For me, it mostly depends on whether the people making the pornography in question are doing so in an ethical way. According to Smith, a lot of these websites promise that no one was actually harmed in the making of their pornography. To that, I say, cool. If the porn is not ethically produced, then I think it’s super creepy to financially support it (and kind of neutral to say, steal it off the internet). But people buy stuff that’s immorally produced all the time (from illegal drugs to the literal clothes on our backs), and I personally think that anyone who’s supporting the Mexican drug cartels has way more to answer for than people supporting an itsy-bitsy basement industry of criminally produced pornography. They’re both terrible, but… hey, that’s just me…
The British government, by the way, decided they didn’t care about the ethics of production. They decided it was just bad, end of story. So if your loved one lives in the UK, he’s in potential legal trouble, regardless of the ethics of the thing.
The thing that actually matters
True story: I once went on a date with a guy who did in fact commit first degree murder just a couple of years later.
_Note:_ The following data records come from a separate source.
lemma Ssym_iff: "s \<in> Ssym \<longleftrightarrow> finite (sym_supp s)"
  by (simp add: Ssym_def sym_supp_def)

lemma opS_eq_sum: "opS s f = sum (opS_term s f) (sym_supp s)"
  by (simp add: opS_def opS_term_def sym_supp_def f_mat_def)

lemma opS_eq_sum_superset:
  assumes "finite P" "sym_supp s \<subseteq> P"
  shows "opS s f = sum (opS_term s f) P"
  unfolding opS_eq_sum using assms
  by (intro sum.mono_neutral_left) (auto simp: sym_supp_def opS_term_def)

lemma opS_reindex:
  assumes "finite Q" "sym_supp t \<subseteq> g ` Q" "inj_on g Q"
    and "\<And>p. p \<in> Q \<Longrightarrow> opS_term t f (g p) = T p"
  shows "opS t f = sum T Q"
proof -
  have "opS t f = sum (opS_term t f) (g ` Q)"
    using assms(1,2) by (intro opS_eq_sum_superset) auto
  also have "\<dots> = sum T Q"
    using assms(3,4) by (simp add: sum.reindex)
  finally show ?thesis .
qed

lemma Ssym_pointwise:
  assumes "s \<in> Ssym" "\<And>I J. s I J = 0 \<Longrightarrow> t I J = 0"
  shows "t \<in> Ssym"
proof -
  have "sym_supp t \<subseteq> sym_supp s"
    using assms(2) by (auto simp: sym_supp_def)
  then show ?thesis
    using assms(1) by (simp add: Ssym_iff finite_subset)
qed

lemma Ssym_add [simp]: "s \<in> Ssym \<Longrightarrow> t \<in> Ssym \<Longrightarrow> s + t \<in> Ssym"
  unfolding Ssym_iff
  by (rule finite_subset[of _ "sym_supp s \<union> sym_supp t"]) (auto simp: sym_supp_def)

lemma Ssym_minus [simp]: "s \<in> Ssym \<Longrightarrow> - s \<in> Ssym"
  by (erule Ssym_pointwise) simp

lemma Ssym_ssc [simp]: "s \<in> Ssym \<Longrightarrow> ssc c s \<in> Ssym"
  by (erule Ssym_pointwise) simp

lemma Ssym_s_hom [simp]: "s \<in> Ssym \<Longrightarrow> s_hom p q a b s \<in> Ssym"
  by (erule Ssym_pointwise) (simp add: s_hom_def)

lemma Ssym_s_rho [simp]: "s \<in> Ssym \<Longrightarrow> s_rho p a b s \<in> Ssym"
  by (erule Ssym_pointwise) (simp add: s_rho_def)

lemma Ssym_diff [simp]: "s \<in> Ssym \<Longrightarrow> t \<in> Ssym \<Longrightarrow> s - t \<in> Ssym"
  using Ssym_add[of s "- t"] by simp

lemma Ssym_zero [simp]: "0 \<in> Ssym"
  by (simp add: Ssym_iff sym_supp_def)

lemma Ssym_sum [simp]: "(\<And>x. x \<in> S \<Longrightarrow> F x \<in> Ssym) \<Longrightarrow> sum F S \<in> Ssym"
  by (induction S rule: infinite_finite_induct) auto

lemma sym_supp_s_mx: "sym_supp (s_mx i s) \<subseteq> (\<lambda>p. ((fst p)(i := Suc (fst p i)), snd p)) ` sym_supp s"
proof
  fix x
  assume "x \<in> sym_supp (s_mx i s)"
  then obtain I J where "x = (I, J)" "0 < I i" "s (I(i := I i - 1)) J \<noteq> 0"
    by (cases x) (auto simp: sym_supp_def s_mx_def split: if_splits)
  then show "x \<in> (\<lambda>p. ((fst p)(i := Suc (fst p i)), snd p)) ` sym_supp s"
    by (intro image_eqI[of _ _ "(I(i := I i - 1), J)"]) (auto simp: sym_supp_def)
qed

lemma sym_supp_s_mxi: "sym_supp (s_mxi i s) \<subseteq> (\<lambda>p. (fst p, (snd p)(i := Suc (snd p i)))) ` sym_supp s"
proof
  fix x
  assume "x \<in> sym_supp (s_mxi i s)"
  then obtain I J where "x = (I, J)" "0 < J i" "s I (J(i := J i - 1)) \<noteq> 0"
    by (cases x) (auto simp: sym_supp_def s_mxi_def split: if_splits)
  then show "x \<in> (\<lambda>p. (fst p, (snd p)(i := Suc (snd p i)))) ` sym_supp s"
    by (intro image_eqI[of _ _ "(I, J(i := J i - 1))"]) (auto simp: sym_supp_def)
qed

lemma sym_supp_s_dx: "sym_supp (s_dx i s)
    \<subseteq> (\<lambda>p. ((fst p)(i := fst p i - 1), snd p)) ` {p \<in> sym_supp s. 0 < fst p i}"
proof
  fix x
  assume "x \<in> sym_supp (s_dx i s)"
  then obtain I J where "x = (I, J)" "s (I(i := Suc (I i))) J \<noteq> 0"
    by (cases x) (auto simp: sym_supp_def s_dx_def dest: msc_nonzero)
  then show "x \<in> (\<lambda>p. ((fst p)(i := fst p i - 1), snd p)) ` {p \<in> sym_supp s. 0 < fst p i}"
    by (intro image_eqI[of _ _ "(I(i := Suc (I i)), J)"]) (auto simp: sym_supp_def)
qed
After that single date, I decided there was no way I would ever go out with him again because he was “clearly too violent.” This was blindingly obvious to me, but clearly not quite as clear to many of his friends…
My point here is that the majority of the time, people don’t randomly turn out to be serial killers and rapists; there are usually a thousand clues around them that have nothing to do with porn and everything to do with how often they’ve beaten people up, talk about beating people up, and how much they believe “women really want sex from you even when they say no”. There are a small number who aren’t so obvious, and they generally have NO friends; the ones who actually have friends and still manage to pass as normal people are absurdly rare.
So. In my opinion, the real question isn’t, “Should I be concerned that my friend has creepy taste in pornography?” but far the far more complex, “Does my friend seem like someone who gives a shit about the well-being of both men AND women in general and his partners specifically? Do his partners seem afraid of him? Does he seem to have violent tendencies in general? Does he often cover up things, lie, constantly make excuses, hypocritically slut shame, seem really into sex but weirdly and disproportionately uncomfortable talking about it in a personal way, or massively exaggerate?” Even in the BDSM scene, I’ve met a number of people who were really bad people, and every single one of them so far was easily identifiable to me by one of those traits. And in my experience, those are the things that separate the kinksters with disturbing tastes from the future convicts of the world.
And believe me when I say I know, have played with, banged and AM a kinkster with slightly disturbing tastes.